Source data:
=====

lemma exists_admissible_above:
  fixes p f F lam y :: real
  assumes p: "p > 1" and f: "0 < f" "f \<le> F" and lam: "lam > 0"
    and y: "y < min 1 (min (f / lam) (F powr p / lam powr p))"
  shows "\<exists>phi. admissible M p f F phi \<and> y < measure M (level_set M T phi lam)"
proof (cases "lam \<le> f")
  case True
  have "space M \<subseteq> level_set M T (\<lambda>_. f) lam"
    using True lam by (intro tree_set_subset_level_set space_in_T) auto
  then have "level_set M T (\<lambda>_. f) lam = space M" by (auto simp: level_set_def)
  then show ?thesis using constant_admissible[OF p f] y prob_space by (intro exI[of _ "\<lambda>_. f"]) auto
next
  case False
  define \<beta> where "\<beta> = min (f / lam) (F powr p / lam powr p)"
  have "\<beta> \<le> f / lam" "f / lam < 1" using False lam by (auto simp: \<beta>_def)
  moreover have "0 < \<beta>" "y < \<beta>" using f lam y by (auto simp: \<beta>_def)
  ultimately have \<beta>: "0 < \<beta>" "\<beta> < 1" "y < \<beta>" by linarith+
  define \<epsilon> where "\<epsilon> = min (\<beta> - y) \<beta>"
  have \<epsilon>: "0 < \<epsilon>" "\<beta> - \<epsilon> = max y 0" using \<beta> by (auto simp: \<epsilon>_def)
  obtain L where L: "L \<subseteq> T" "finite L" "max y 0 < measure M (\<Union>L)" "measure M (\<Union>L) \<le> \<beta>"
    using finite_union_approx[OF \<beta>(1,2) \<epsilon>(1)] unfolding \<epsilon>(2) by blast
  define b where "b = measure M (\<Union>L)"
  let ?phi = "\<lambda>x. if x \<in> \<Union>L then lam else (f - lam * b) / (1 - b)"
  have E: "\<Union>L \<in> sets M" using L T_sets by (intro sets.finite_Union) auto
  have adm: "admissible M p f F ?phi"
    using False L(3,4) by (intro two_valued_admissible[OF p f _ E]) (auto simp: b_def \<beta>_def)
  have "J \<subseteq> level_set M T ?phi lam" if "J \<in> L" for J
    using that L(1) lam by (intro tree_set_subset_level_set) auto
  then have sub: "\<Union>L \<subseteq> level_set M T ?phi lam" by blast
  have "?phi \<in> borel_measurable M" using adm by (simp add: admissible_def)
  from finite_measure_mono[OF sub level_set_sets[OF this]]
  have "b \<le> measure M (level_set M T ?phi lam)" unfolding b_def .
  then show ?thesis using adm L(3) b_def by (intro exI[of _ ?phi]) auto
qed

=====

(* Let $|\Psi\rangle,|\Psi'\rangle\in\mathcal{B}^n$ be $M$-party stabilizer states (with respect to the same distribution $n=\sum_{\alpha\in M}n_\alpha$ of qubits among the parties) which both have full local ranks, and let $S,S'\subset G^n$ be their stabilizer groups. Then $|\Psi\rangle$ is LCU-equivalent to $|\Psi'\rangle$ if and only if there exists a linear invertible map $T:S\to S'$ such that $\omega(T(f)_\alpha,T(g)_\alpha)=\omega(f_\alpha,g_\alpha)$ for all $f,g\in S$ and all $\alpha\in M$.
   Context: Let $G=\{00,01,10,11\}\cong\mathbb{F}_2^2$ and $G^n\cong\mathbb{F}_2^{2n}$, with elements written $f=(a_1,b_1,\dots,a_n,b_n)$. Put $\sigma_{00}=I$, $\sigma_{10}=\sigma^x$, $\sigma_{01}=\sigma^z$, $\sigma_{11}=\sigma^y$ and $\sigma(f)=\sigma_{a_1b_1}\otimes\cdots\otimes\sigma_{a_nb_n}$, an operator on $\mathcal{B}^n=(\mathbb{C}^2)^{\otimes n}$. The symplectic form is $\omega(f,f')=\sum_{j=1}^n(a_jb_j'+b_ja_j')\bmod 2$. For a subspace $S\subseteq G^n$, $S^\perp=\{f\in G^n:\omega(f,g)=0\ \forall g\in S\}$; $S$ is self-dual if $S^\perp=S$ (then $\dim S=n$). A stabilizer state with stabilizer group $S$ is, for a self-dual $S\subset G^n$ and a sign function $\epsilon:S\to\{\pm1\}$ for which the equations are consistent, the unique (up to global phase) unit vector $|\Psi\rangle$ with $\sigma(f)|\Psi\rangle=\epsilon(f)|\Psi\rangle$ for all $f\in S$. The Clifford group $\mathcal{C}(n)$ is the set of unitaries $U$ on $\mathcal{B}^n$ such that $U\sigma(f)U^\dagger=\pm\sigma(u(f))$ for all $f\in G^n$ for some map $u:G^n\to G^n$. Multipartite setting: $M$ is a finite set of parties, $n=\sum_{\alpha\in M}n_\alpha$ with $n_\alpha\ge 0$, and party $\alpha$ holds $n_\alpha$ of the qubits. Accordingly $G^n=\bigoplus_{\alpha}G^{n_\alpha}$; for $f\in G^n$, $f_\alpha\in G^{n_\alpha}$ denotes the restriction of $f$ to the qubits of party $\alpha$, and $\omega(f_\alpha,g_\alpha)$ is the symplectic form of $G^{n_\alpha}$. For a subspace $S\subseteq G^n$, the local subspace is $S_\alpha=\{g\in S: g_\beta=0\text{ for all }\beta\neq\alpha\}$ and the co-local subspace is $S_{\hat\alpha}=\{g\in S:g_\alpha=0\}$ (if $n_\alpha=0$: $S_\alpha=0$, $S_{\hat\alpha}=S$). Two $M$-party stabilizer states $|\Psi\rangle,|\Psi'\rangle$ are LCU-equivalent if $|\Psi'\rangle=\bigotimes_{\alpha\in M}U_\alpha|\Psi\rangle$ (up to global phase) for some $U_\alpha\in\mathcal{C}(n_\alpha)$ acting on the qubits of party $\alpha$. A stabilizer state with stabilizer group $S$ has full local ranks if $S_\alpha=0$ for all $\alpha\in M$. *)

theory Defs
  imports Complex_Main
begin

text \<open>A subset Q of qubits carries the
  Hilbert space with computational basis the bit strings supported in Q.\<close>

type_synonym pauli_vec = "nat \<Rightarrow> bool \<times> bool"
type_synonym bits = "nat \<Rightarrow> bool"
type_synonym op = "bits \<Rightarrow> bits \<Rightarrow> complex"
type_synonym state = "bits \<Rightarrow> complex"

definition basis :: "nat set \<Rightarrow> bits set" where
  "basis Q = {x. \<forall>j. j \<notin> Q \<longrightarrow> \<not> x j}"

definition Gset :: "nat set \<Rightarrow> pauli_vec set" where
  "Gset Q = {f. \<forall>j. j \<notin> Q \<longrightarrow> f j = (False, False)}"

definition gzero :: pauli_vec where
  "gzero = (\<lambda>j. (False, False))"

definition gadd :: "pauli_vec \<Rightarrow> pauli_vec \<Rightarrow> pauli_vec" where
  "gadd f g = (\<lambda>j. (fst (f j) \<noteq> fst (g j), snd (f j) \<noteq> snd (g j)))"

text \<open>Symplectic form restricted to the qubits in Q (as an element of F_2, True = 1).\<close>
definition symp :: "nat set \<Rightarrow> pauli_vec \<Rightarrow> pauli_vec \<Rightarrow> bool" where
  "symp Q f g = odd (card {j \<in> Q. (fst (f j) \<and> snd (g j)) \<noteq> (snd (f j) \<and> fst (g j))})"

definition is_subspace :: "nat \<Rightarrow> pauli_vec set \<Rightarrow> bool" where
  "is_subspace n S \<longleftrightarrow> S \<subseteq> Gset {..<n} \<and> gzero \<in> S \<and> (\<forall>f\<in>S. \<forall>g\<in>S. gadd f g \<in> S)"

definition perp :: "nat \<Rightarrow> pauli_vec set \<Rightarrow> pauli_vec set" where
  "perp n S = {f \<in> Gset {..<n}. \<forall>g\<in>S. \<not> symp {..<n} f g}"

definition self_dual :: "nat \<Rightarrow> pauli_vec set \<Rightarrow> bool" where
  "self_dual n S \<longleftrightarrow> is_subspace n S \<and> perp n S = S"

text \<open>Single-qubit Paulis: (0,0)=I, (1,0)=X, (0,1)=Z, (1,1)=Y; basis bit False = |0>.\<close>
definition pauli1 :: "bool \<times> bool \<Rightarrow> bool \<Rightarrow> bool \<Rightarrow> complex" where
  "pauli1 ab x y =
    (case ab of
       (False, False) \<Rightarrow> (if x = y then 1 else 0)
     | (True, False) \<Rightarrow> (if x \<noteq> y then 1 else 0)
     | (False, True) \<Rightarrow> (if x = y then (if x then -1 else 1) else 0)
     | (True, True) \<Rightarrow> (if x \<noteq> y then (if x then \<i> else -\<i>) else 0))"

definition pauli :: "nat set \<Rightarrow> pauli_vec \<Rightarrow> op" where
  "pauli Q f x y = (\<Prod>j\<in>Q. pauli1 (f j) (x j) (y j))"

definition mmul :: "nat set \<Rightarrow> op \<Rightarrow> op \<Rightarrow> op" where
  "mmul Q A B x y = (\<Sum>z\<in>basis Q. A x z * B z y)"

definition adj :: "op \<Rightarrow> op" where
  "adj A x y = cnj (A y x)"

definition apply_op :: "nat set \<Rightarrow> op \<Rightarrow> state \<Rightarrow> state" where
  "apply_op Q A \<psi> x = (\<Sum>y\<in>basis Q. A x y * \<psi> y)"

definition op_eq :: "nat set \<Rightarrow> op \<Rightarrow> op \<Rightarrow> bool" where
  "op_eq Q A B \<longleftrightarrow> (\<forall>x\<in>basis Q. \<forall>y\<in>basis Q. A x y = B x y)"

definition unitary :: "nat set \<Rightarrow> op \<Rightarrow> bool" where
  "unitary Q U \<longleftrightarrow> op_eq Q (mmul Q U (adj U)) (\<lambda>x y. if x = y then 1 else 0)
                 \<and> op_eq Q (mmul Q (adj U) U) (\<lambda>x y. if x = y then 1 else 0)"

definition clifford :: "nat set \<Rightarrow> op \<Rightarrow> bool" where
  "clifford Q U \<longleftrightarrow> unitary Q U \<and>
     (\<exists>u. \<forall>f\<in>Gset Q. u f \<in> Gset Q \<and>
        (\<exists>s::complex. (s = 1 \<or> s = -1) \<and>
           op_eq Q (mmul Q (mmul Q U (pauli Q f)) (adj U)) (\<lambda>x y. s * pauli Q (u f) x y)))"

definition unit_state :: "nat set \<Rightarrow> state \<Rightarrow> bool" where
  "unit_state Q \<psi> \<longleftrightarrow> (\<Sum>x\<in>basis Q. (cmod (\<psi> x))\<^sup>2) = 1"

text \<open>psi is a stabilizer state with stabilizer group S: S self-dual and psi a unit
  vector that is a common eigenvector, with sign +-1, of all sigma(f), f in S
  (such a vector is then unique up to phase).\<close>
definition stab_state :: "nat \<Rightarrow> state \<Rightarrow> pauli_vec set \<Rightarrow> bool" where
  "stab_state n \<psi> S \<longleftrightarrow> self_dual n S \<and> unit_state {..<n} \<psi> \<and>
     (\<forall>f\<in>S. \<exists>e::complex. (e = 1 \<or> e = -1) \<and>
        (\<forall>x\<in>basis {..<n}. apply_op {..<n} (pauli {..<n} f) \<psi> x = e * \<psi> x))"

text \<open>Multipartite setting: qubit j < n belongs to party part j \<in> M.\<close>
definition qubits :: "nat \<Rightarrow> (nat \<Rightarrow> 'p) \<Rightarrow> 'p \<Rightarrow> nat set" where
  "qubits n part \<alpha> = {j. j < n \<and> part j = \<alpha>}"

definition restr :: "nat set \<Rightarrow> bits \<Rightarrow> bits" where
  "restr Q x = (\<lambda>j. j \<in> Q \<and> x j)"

=====

▶ **PROBLEM TO WORK ON**: Find the string "unitary" in the records, then copy each line where it occurs.

▶ **ANSWER SECTION**:
definition unitary :: "nat set \<Rightarrow> op \<Rightarrow> bool" where
  "unitary Q U \<longleftrightarrow> op_eq Q (mmul Q U (adj U)) (\<lambda>x y. if x = y then 1 else 0)
  "clifford Q U \<longleftrightarrow> unitary Q U \<and>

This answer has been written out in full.